AIM OF THE EXERCISE: Gather all lines in the entries that include the word "Gamma".
PROVIDED INFORMATION Block Start
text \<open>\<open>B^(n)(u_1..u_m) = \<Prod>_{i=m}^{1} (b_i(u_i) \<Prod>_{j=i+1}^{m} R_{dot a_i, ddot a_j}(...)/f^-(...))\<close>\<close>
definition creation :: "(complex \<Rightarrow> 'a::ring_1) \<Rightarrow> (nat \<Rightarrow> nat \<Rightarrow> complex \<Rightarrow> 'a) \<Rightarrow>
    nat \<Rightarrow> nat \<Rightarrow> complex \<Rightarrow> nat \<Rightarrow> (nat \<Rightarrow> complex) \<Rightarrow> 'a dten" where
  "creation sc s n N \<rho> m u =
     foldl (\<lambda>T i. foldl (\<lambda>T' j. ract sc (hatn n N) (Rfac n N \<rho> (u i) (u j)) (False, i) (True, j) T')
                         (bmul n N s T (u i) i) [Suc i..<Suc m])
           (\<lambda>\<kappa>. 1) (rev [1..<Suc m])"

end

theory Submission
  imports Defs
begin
PROVIDED INFORMATION Block End
PROVIDED INFORMATION Block Start
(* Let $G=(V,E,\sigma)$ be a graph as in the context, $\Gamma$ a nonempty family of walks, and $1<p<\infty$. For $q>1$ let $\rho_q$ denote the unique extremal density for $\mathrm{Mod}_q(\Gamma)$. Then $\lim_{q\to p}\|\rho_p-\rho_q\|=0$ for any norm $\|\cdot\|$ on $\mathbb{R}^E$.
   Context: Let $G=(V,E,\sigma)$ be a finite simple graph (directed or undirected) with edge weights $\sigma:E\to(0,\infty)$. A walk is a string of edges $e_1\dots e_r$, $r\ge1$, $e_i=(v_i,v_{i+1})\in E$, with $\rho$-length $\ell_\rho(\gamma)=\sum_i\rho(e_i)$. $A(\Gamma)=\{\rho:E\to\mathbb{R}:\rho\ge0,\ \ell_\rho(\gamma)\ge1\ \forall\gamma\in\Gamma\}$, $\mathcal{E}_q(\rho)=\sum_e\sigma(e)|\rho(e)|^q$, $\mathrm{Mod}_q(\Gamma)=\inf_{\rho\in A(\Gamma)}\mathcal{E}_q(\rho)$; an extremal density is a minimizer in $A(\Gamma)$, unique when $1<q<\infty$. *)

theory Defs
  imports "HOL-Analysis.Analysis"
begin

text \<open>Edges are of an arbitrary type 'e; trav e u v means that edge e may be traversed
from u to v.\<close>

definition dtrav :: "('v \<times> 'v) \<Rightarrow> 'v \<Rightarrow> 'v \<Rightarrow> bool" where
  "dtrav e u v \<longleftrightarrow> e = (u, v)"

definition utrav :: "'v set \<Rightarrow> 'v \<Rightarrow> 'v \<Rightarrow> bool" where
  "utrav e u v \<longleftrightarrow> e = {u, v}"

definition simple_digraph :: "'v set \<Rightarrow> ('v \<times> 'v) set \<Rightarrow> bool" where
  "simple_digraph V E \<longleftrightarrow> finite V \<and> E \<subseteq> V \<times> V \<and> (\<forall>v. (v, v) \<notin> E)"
PROVIDED INFORMATION Block End
EXERCISE ANSWER:
(* Let $G=(V,E,\sigma)$ be a graph as in the context, $\Gamma$ a nonempty family of walks, and $1<p<\infty$. For $q>1$ let $\rho_q$ denote the unique extremal density for $\mathrm{Mod}_q(\Gamma)$. Then $\lim_{q\to p}\|\rho_p-\rho_q\|=0$ for any norm $\|\cdot\|$ on $\mathbb{R}^E$.
   Context: Let $G=(V,E,\sigma)$ be a finite simple graph (directed or undirected) with edge weights $\sigma:E\to(0,\infty)$. A walk is a string of edges $e_1\dots e_r$, $r\ge1$, $e_i=(v_i,v_{i+1})\in E$, with $\rho$-length $\ell_\rho(\gamma)=\sum_i\rho(e_i)$. $A(\Gamma)=\{\rho:E\to\mathbb{R}:\rho\ge0,\ \ell_\rho(\gamma)\ge1\ \forall\gamma\in\Gamma\}$, $\mathcal{E}_q(\rho)=\sum_e\sigma(e)|\rho(e)|^q$, $\mathrm{Mod}_q(\Gamma)=\inf_{\rho\in A(\Gamma)}\mathcal{E}_q(\rho)$; an extremal density is a minimizer in $A(\Gamma)$, unique when $1<q<\infty$. *)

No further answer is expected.